**WORK REQUEST**. State the number of lines in these records holding "powr". Say nothing more.

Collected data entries
(* Let $1\le p\le\infty$ and let $A=\{[x_i^a,y_i^a]\}_{i=1}^{n_a}$ and $B=\{[x_i^b,y_i^b]\}_{i=1}^{n_b}$ be persistence barcodes in $\mathcal{B}_F$ with positive total lengths $L_a,L_b>0$. If the relative error satisfies $r_p(A,B)<1/4$, then $$|E(A)-E(B)|\le 2r_p(A,B)\left[\log(n_{\max})-\log\big(2r_p(A,B)\big)\right].$$
   Context: A persistence barcode is a finite multiset of intervals $[x,y]$ with $x\le y$; $\mathcal{B}_F$ denotes the set of persistence barcodes all of whose intervals have finite endpoints ($x,y\in\mathbb{R}$). For $A=\{[x_i^a,y_i^a]\}_{i=1}^{n_a}$ write $\ell_i^a=y_i^a-x_i^a$ and $L_a=\sum_i\ell_i^a$; similarly for $B$. Put $n_{\max}=\max\{n_a,n_b\}$, $L_{\max}=\max\{L_a,L_b\}$. The $p$-th Wasserstein distance: if $n_a\neq n_b$, add intervals of zero length $[t,t]$ to the smaller barcode until both have $n_{\max}$ intervals; then for $1\le p<\infty$, $d_p(A,B)=\big(\min_\gamma\sum_{i=1}^{n_{\max}}\max\{|x_i^a-x^b_{\gamma(i)}|^p,|y_i^a-y^b_{\gamma(i)}|^p\}\big)^{1/p}$ and $d_\infty(A,B)=\min_\gamma\max_i\max\{|x_i^a-x^b_{\gamma(i)}|,|y_i^a-y^b_{\gamma(i)}|\}$, the minimum being over bijections $\gamma$ between the (padded) multisets (and the choices of added zero-length intervals). The persistent entropy of $A\in\mathcal{B}_F$ with $L_a>0$ is $E(A)=-\sum_{i=1}^{n_a}\frac{\ell_i^a}{L_a}\log\frac{\ell_i^a}{L_a}$ (with $0\log 0=0$). The relative error is $r_p(A,B)=\dfrac{2\,n_{\max}^{1-1/p}\,d_p(A,B)}{L_{\max}}$, where $n_{\max}^{1-1/\infty}=n_{\max}$. Convention: $0\log 0=0$. *)

theory Defs
  imports "HOL-Analysis.Analysis" "HOL-Library.Multiset" "HOL-Library.Extended_Real"
begin

type_synonym barcode = "(real \<times> real) multiset"

definition is_barcode :: "barcode \<Rightarrow> bool" where
  "is_barcode A \<longleftrightarrow> (\<forall>I \<in># A. fst I \<le> snd I)"

definition total_length :: "barcode \<Rightarrow> real" where
  "total_length A = (\<Sum>I\<in>#A. snd I - fst I)"

definition n_max :: "barcode \<Rightarrow> barcode \<Rightarrow> nat" where
  "n_max A B = max (size A) (size B)"

definition L_max :: "barcode \<Rightarrow> barcode \<Rightarrow> real" where
  "L_max A B = max (total_length A) (total_length B)"

definition padded :: "nat \<Rightarrow> barcode \<Rightarrow> (real \<times> real) list set" where
  "padded n A = {xs. length xs = n \<and> (\<exists>ts. mset xs = A + mset (map (\<lambda>t. (t, t)) ts))}"

definition int_dist :: "real \<times> real \<Rightarrow> real \<times> real \<Rightarrow> real" where
  "int_dist I J = max \<bar>fst I - fst J\<bar> \<bar>snd I - snd J\<bar>"

definition wasserstein :: "real \<Rightarrow> barcode \<Rightarrow> barcode \<Rightarrow> real" where
  "wasserstein p A B =
     (let n = n_max A B in
      (Inf {(\<Sum>i<n. (int_dist (xs ! i) (ys ! \<gamma> i)) powr p) | xs ys \<gamma>.
              xs \<in> padded n A \<and> ys \<in> padded n B \<and> bij_betw \<gamma> {..<n} {..<n}}) powr (1 / p))"

definition wasserstein_inf :: "barcode \<Rightarrow> barcode \<Rightarrow> real" where
  "wasserstein_inf A B =
     (let n = n_max A B in
      Inf {(MAX i\<in>{..<n}. int_dist (xs ! i) (ys ! \<gamma> i)) | xs ys \<gamma>.
              xs \<in> padded n A \<and> ys \<in> padded n B \<and> bij_betw \<gamma> {..<n} {..<n}})"

definition wdist :: "ereal \<Rightarrow> barcode \<Rightarrow> barcode \<Rightarrow> real" where
  "wdist p A B = (if p = \<infinity> then wasserstein_inf A B else wasserstein (real_of_ereal p) A B)"

definition pers_entropy :: "barcode \<Rightarrow> real" where
  "pers_entropy A = - (\<Sum>I\<in>#A. (let q = (snd I - fst I) / total_length A in
                                   if q = 0 then 0 else q * ln q))"

text \<open>Relative error r_p(A,B); for p = \<infinity> the factor n_max^(1-1/p) is n_max.\<close>
definition rel_err :: "ereal \<Rightarrow> barcode \<Rightarrow> barcode \<Rightarrow> real" where
  "rel_err p A B =
     2 * (if p = \<infinity> then real (n_max A B) else real (n_max A B) powr (1 - 1 / real_of_ereal p))
       * wdist p A B / L_max A B"

end

theory Submission
  imports Defs "HOL-Real_Asymp.Real_Asymp"
begin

**RESPONSE FOR THIS EXERCISE**. 3